Of course, much of this has changed because of the WebGL security issues. Originally WebGL was limited to using only same-origin image access for canvas textures, but a more recent version of the specification allowed for cross-domain image access. WebGL developers wanted to add images (and potentially video) from other domains as textures for their 3D creations. Unfortunately, when the WebGL specification and implementations enabled cross-domain image access, they also opened up a security violation: the WebGL could be manipulated in such a way as to create a “data leak”, giving the web pages access to actual image (and video) data.

In order to allow WebGL to proceed without having to tackle the functionality causing the data leak (I’m told a daunting task), the WebGL community requested and received a new attribute that can be added to the img, audio, and video elements in HTML5crossorigin. This attribute allows same-origin privileges with cross domain resources, as long as the resource server concurs with this use. This is a concept known as Cross-Origin Resource Sharing, or CORS.

CORS is another specification in work at the W3C. It originated as a way for web developers to access cross-domain resources using XMLHttpRequest (Ajax). The concept has since been expanded to include workarounds for the same-origin security restrictions in other uses, including the newest related to canvas tainting.

It sounds all peaches and cream except that there are issues related to the concept, especially when accessing image and video data from cloud services such as Amazon’s AWS or centralized image systems, such as Flickr. For CORS and the crossorigin attribute to work, these services must be willing to support CORS. The WebGL and other developers assumed the sites would be more than willing to do so. However, I know that Amazon has already expressed reservation about supporting CORS, and I wouldn’t be surprised if there wasn’t some reluctance on the part of other services.

I also had reservations about the breathlessly quick addition of crossorigin to HTML5, starting with the unanswered question, “What would WebGL had done if HTML5 was too far along in the recommendation track to add this change?” I still have concerns about quickly adding in functionality that routes around security protocols because another specification needs to have this functionality because of a security violation. I’ve long been a fan of 3D effort on the web, beginning with the earlier VRML and continuing with my interest in WebGL (I covered it in my Painting the Web book). However, I’m even more of a fan of web security. That and a stable specification. What would have happened if WebGL had made this request after HTML5 had progressed to candidate recommendation status?

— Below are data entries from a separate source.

(*
  Let v = (1, 1, x) and lift c to (x.c, 0, c). The lift is additive and injective, v is
  orthogonal to every lift and, as x.x = 0, to itself. Hence C2 is the disjoint union of the
  lifted code P and its translate v + P, so |C2| = 2|C|. A word (a, b, w) is orthogonal to C2
  iff w + a x lies in the dual of C and b = a + w.x; since x.x = 0 these words are exactly the
  lifts (0, x.s, s) of the s in the dual of C and their translates by v, i.e. the row space
  of H2.

  By the same criterion the lift of c, and its translate by v, lie in the dual of C2 iff the
  transvection c + (x.c) x lies in the dual of C, so |Hull(C2)| = 2|K| for
  K = {c in C. c + (x.c) x in dual C}. The transvection fixes the hyperplane of words
  orthogonal to x, so K and Hull(C) meet it in the same subspace, which has index at most 2
  in both. Thus |Hull(C)| <= 2|K| <= 4|Hull(C)|, and K = Hull(C) when x is orthogonal to C.
  Dimensions are read off from |V| = 2^(dim V).
*)

section \<open>Vectors over F_2\<close>

(* keep bit arithmetic in field form rather than rewriting it to XOR and AND *)
declare add_bit_eq_xor [simp del] mult_bit_eq_and [simp del]

lemma bit_add_eq_0_iff: "(a::bit) + b = 0 \<longleftrightarrow> a = b"
  by (cases a; cases b) (simp_all add: one_add_one)

lemma UNIV_bit: "(UNIV :: bit set) = {0, 1}"
  by (auto intro: bit.exhaust)

lemma mem_vecs_iff [simp]: "v \<in> vecs n \<longleftrightarrow> length v = n"
  by (simp add: vecs_def)

lemma length_vadd [simp]: "length (vadd u v) = min (length u) (length v)"
  by (simp add: vadd_def)

lemma nth_vadd [simp]: "i < length u \<Longrightarrow> i < length v \<Longrightarrow> vadd u v ! i = u ! i + v ! i"
  by (simp add: vadd_def)

lemma vadd_Cons [simp]: "vadd (a # u) (b # v) = (a + b) # vadd u v"
  by (simp add: vadd_def)

lemma length_vsmult [simp]: "length (vsmult c v) = length v"
  by (simp add: vsmult_def)

lemma nth_vsmult [simp]: "i < length v \<Longrightarrow> vsmult c v ! i = c * v ! i"
  by (simp add: vsmult_def)

lemma length_vzero [simp]: "length (vzero n) = n"
  by (simp add: vzero_def)

lemma nth_vzero [simp]: "i < n \<Longrightarrow> vzero n ! i = 0"
  by (simp add: vzero_def)

lemma vzero_Suc: "vzero (Suc n) = 0 # vzero n"
  by (simp add: vzero_def)

lemma vadd_commute: "vadd u v = vadd v u"
  by (rule nth_equalityI) (auto simp: add.commute)

lemma vadd_assoc: "vadd (vadd u v) w = vadd u (vadd v w)"
  by (rule nth_equalityI) (auto simp: add.assoc)

lemma vadd_left_commute: "vadd u (vadd v w) = vadd v (vadd u w)"
  by (metis vadd_assoc vadd_commute)

lemma vadd_vzero [simp]: "length u = n \<Longrightarrow> vadd u (vzero n) = u"
  by (rule nth_equalityI) auto

lemma vzero_vadd [simp]: "length u = n \<Longrightarrow> vadd (vzero n) u = u"
  by (rule nth_equalityI) auto

lemma vadd_self [simp]: "vadd u u = vzero (length u)"
  by (rule nth_equalityI) auto

lemma vadd_cancel_left [simp]: "length u = length v \<Longrightarrow> vadd u (vadd u v) = v"
  by (rule nth_equalityI) auto

lemma vadd_eq_iff_left:
  "length u = length v \<Longrightarrow> length w = length v \<Longrightarrow> w = vadd u v \<longleftrightarrow> v = vadd u w"
  by (metis vadd_cancel_left)

lemma vsmult_0 [simp]: "vsmult 0 u = vzero (length u)"
  by (rule nth_equalityI) auto

lemma vsmult_1 [simp]: "vsmult 1 u = u"
  by (rule nth_equalityI) auto

lemma vsmult_eq_if: "vsmult c u = (if c = 1 then u else vzero (length u))"
  by (cases c) auto

lemma dot_Cons [simp]: "dot (a # u) (b # v) = a * b + dot u v"
  unfolding dot_def by (simp only: length_Cons sum.lessThan_Suc_shift) simp

lemma dot_commute: "length u = length v \<Longrightarrow> dot u v = dot v u"
  by (induction u v rule: list_induct2) (auto simp: mult.commute)

lemma dot_vadd_right:
  "length v = length u \<Longrightarrow> length w = length u \<Longrightarrow> dot u (vadd v w) = dot u v + dot u w"
  unfolding dot_def by (simp add: distrib_left sum.distrib)

lemma dot_vadd_left:
  "length v = length u \<Longrightarrow> length w = length u \<Longrightarrow> dot (vadd v w) u = dot v u + dot w u"
  unfolding dot_def by (simp add: distrib_right sum.distrib)

lemma dot_vsmult_left: "dot (vsmult c v) u = c * dot v u"
  unfolding dot_def by (simp add: sum_distrib_left algebra_simps)

lemma dot_vzero_left [simp]: "dot (vzero n) u = 0"
  by (simp add: dot_def)

lemma dot_vzero_right [simp]: "length u = n \<Longrightarrow> dot u (vzero n) = 0"
  by (simp add: dot_def)

section \<open>Spans and linear codes\<close>

lemma lincomb_Nil [simp]: "lincomb n [] cs = vzero n"
  by (simp add: lincomb_def)

lemma lincomb_Cons [simp]: "lincomb n (r # rs) (c # cs) = vadd (vsmult c r) (lincomb n rs cs)"
  by (simp add: lincomb_def)

lemma length_lincomb:
  "set rows \<subseteq> vecs n \<Longrightarrow> length cs = length rows \<Longrightarrow> length (lincomb n rows cs) = n"
  by (induction rows cs rule: list_induct2') auto

lemma span_Nil [simp]: "span n [] = {vzero n}"
  by (simp add: span_def)

lemma span_Cons: "span n (r # rs) = {vadd (vsmult c r) w | c w. w \<in> span n rs}"
proof -
  have "span n (r # rs) = {lincomb n (r # rs) (c # cs) | c cs. length cs = length rs}"
    unfolding span_def length_Cons length_Suc_conv by blast
  then show ?thesis
    unfolding span_def lincomb_Cons by blast
qed

lemma span_subset_vecs: "set rows \<subseteq> vecs n \<Longrightarrow> span n rows \<subseteq> vecs n"
  by (auto simp: span_def length_lincomb)

lemma span_Cons_Un:
  assumes "length r = n" and "set rs \<subseteq> vecs n"
  shows "span n (r # rs) = span n rs \<union> vadd r ` span n rs"
proof -
  have "{vadd (vsmult c r) w | c w. w \<in> span n rs} = (\<Union>c\<in>UNIV. vadd (vsmult c r) ` span n rs)"
    by blast
  moreover have "vadd (vzero n) ` span n rs = span n rs"
    using span_subset_vecs[OF assms(2)] by (force simp: subset_iff)
  ultimately show ?thesis
    unfolding span_Cons UNIV_bit using assms(1) by auto
qed

lemma linear_code_if_add_closed:
  assumes "S \<subseteq> vecs n" and "vzero n \<in> S" and "\<And>u v. u \<in> S \<Longrightarrow> v \<in> S \<Longrightarrow> vadd u v \<in> S"
  shows "linear_code n S"
  using assms unfolding linear_code_def by (auto simp: vsmult_eq_if subset_iff)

Yes, I am a stick in the mud. I like stable specifications and secure web pages. I’m just old fashioned that way.

Anyway, for those wanting to integrate HTML5 video and canvas element, be aware of this very new functionality. You won’t find it included in the HTML5 Last Call document, you’ll only find it in the HTML5 editor’s draft.

Codec Support

You would expect to find tables with audio and video browser container/codec support littering the internet, and you do. The only problem is, none of the tables seem to agree.

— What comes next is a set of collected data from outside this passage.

(* Let $G$ be a primitive permutation group of type PA preserving a product structure $\Delta^I$, and let $H\le\mathrm{Sym}(\Delta)$ be such that $G\le H\wr\mathrm{Sym}(I)$ (in product action). If $G$ contains a quasi-semiregular element, then $H$ contains quasi-semiregular elements (on $\Delta$), and every quasi-semiregular element of prime order in $G$ lies in the base group $H^I$.
   Context: A permutation $g$ is quasi-semiregular if $\langle g\rangle$ has a unique fixed point and acts semiregularly (only the identity fixes a point) on the remaining points. Product action of $H\wr\mathrm{Sym}(I)$ on $\Delta^I$: the base group $H^I$ acts coordinatewise and $\mathrm{Sym}(I)$ permutes coordinates. *)

theory Defs
  imports "HOL-Algebra.Algebra"
begin

text \<open>Permutations of a set S are the extensional bijections of S (the carrier of
  BijGroup S).  A permutation group on S is a subgroup G of BijGroup S; as an
  abstract group it is the structure below.\<close>

definition perm_grp :: "'a set \<Rightarrow> ('a \<Rightarrow> 'a) set \<Rightarrow> ('a \<Rightarrow> 'a) monoid" where
  "perm_grp S G = (BijGroup S)\<lparr>carrier := G\<rparr>"

definition quasi_semiregular :: "'a set \<Rightarrow> ('a \<Rightarrow> 'a) \<Rightarrow> bool" where
  "quasi_semiregular S g \<longleftrightarrow>
     (\<exists>a. (a \<in> S \<and> g a = a) \<and> (\<forall>b. b \<in> S \<and> g b = b \<longrightarrow> b = a)
        \<and> (\<forall>x\<in>S - {a}. \<forall>n::nat. (g ^^ n) x = x \<longrightarrow> (\<forall>y\<in>S. (g ^^ n) y = y)))"

definition transitive_on :: "'a set \<Rightarrow> ('a \<Rightarrow> 'a) set \<Rightarrow> bool" where
  "transitive_on S G \<longleftrightarrow> S \<noteq> {} \<and> (\<forall>x\<in>S. \<forall>y\<in>S. \<exists>g\<in>G. g x = y)"

definition primitive_on :: "'a set \<Rightarrow> ('a \<Rightarrow> 'a) set \<Rightarrow> bool" where
  "primitive_on S G \<longleftrightarrow> transitive_on S G \<and>
     (\<forall>B. B \<subseteq> S \<and> B \<noteq> {} \<and> (\<forall>g\<in>G. g ` B = B \<or> g ` B \<inter> B = {})
          \<longrightarrow> card B = 1 \<or> B = S)"

definition regular_on :: "'a set \<Rightarrow> ('a \<Rightarrow> 'a) set \<Rightarrow> bool" where
  "regular_on S G \<longleftrightarrow> transitive_on S G \<and>
     (\<forall>g\<in>G. \<forall>x\<in>S. g x = x \<longrightarrow> g = (\<lambda>y\<in>S. y))"

definition minimal_normal :: "('g, 'b) monoid_scheme \<Rightarrow> 'g set \<Rightarrow> bool" where
  "minimal_normal \<Gamma> N \<longleftrightarrow> N \<lhd> \<Gamma> \<and> N \<noteq> {\<one>\<^bsub>\<Gamma>\<^esub>} \<and>
     (\<forall>M. M \<lhd> \<Gamma> \<and> M \<subseteq> N \<longrightarrow> M = {\<one>\<^bsub>\<Gamma>\<^esub>} \<or> M = N)"

definition socle :: "('g, 'b) monoid_scheme \<Rightarrow> 'g set" where
  "socle \<Gamma> = generate \<Gamma> (\<Union>{N. minimal_normal \<Gamma> N})"

text \<open>Product action of H wr Sym(I) on \<Delta>^I (functions I \<rightarrow> \<Delta>, extensional):
  the element (h, \<sigma>) maps x to y with y (\<sigma> i) = h i (x i).\<close>

definition pa_perm :: "'i set \<Rightarrow> 'a set \<Rightarrow> ('i \<Rightarrow> 'a \<Rightarrow> 'a) \<Rightarrow> ('i \<Rightarrow> 'i)
    \<Rightarrow> ('i \<Rightarrow> 'a) \<Rightarrow> ('i \<Rightarrow> 'a)" where
  "pa_perm I \<Delta> h \<sigma> = (\<lambda>x \<in> PiE I (\<lambda>_. \<Delta>).
      \<lambda>j \<in> I. h (inv_into I \<sigma> j) (x (inv_into I \<sigma> j)))"
lemma graded_dual_induct [consumes 1, case_names zero homogeneous add]:
  assumes "f \<in> graded_dual s G" "P 0"
    and "\<And>\<gamma> h. h \<in> dual_deg s G \<gamma> \<Longrightarrow> P h"
    and "\<And>f h. f \<in> graded_dual s G \<Longrightarrow> h \<in> graded_dual s G \<Longrightarrow> P f \<Longrightarrow> P h \<Longrightarrow> P (f + h)"
  shows "P f"
proof -
  obtain S c where S: "finite S" "\<forall>\<gamma>\<in>S. c \<gamma> \<in> dual_deg s G \<gamma>" "f = (\<Sum>\<gamma>\<in>S. c \<gamma>)"
    using assms(1) unfolding graded_dual_def by blast
  have "(\<Sum>\<gamma>\<in>T. c \<gamma>) \<in> graded_dual s G \<and> P (\<Sum>\<gamma>\<in>T. c \<gamma>)" if "finite T" "T \<subseteq> S" for T
    using that
  proof induction
    case (insert \<gamma> T)
    then have "c \<gamma> \<in> dual_deg s G \<gamma>" using S(2) by blast
    then have c: "c \<gamma> \<in> graded_dual s G" "P (c \<gamma>)"
      using assms(3) dual_deg_subset_graded_dual by blast+
    have IH: "(\<Sum>\<gamma>\<in>T. c \<gamma>) \<in> graded_dual s G" "P (\<Sum>\<gamma>\<in>T. c \<gamma>)"
      using insert by simp_all
    show ?case
      unfolding sum.insert[OF insert.hyps]
      using graded_dual_add[OF c(1) IH(1)] assms(4)[OF c(1) IH(1) c(2) IH(2)] by (rule conjI)
  qed (simp add: graded_dual_zero assms(2))
  then show ?thesis using S by blast
qed

lemma graded_dual_closed:
  assumes "\<And>f h. f \<in> graded_dual s G \<Longrightarrow> h \<in> graded_dual s G \<Longrightarrow> T (f + h) = T f + T h"
    and "\<And>\<gamma> h. h \<in> dual_deg s G \<gamma> \<Longrightarrow> T h \<in> graded_dual s G"
    and "f \<in> graded_dual s G"
  shows "T f \<in> graded_dual s G"
  using assms(3)
proof (induction rule: graded_dual_induct)
  case zero
  have "T (0 + 0) = T 0 + T 0" using assms(1)[OF graded_dual_zero graded_dual_zero] .
  then have "T 0 = 0" by simp
  then show ?case using graded_dual_zero by (simp only:)
next
  case (add f h)
  then show ?case using assms(1)[OF add(1,2)] graded_dual_add[OF add(3,4)] by (simp only:)
qed (rule assms(2))

lemma graded_dual_eqI:
  fixes \<Phi> \<Psi> :: "('m::ab_group_add \<Rightarrow> 'k::field) \<Rightarrow> 'w::ab_group_add"
  assumes "\<And>f h. f \<in> graded_dual s G \<Longrightarrow> h \<in> graded_dual s G \<Longrightarrow> \<Phi> (f + h) = \<Phi> f + \<Phi> h"
    and "\<And>f h. f \<in> graded_dual s G \<Longrightarrow> h \<in> graded_dual s G \<Longrightarrow> \<Psi> (f + h) = \<Psi> f + \<Psi> h"
    and "\<And>\<gamma> h. h \<in> dual_deg s G \<gamma> \<Longrightarrow> \<Phi> h = \<Psi> h"
    and "f \<in> graded_dual s G"
  shows "\<Phi> f = \<Psi> f"
  using assms(4)
proof (induction rule: graded_dual_induct)
  case zero
  have "\<Phi> (0 + 0) = \<Phi> 0 + \<Phi> 0" "\<Psi> (0 + 0) = \<Psi> 0 + \<Psi> 0"
    using assms(1,2)[OF graded_dual_zero graded_dual_zero] .
  then have "\<Phi> 0 = 0" "\<Psi> 0 = 0" by simp_all
  then show ?case by (simp only:)
next
  case (add f h)
  then show ?case using assms(1,2)[OF add(1,2)] by (simp only:)
qed (rule assms(3))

Trying to determine exactly what container/codec each browser supports is actually a pain in the butt. I’m sure each and every browser has a page somewhere that explicitly lists what it supports in all possible environments. Wherever these pages are, though, must be one of the better kept web secrets.

It’s not as if there’s a simple yes/no answer to audio or video codec. After all, if you use the HTMLMediaElement’s canPlayType method with various audio or video codecs, you’ll either get a “maybe”, “probably”, or an empty string. Maybe and probably are not normally viewed as decisive words. It also doesn’t help when Chrome answers either maybe or probably to everything.

Then there are the quirks.

Firefox and Chrome only like uncompressed WAV files. Opera and Safari don’t seem to mind compressed WAV files. Technically, though, all four browsers “support” WAV.

Both these statements are true: only Safari supports AAC; Safari, Chrome, and IE support AAC.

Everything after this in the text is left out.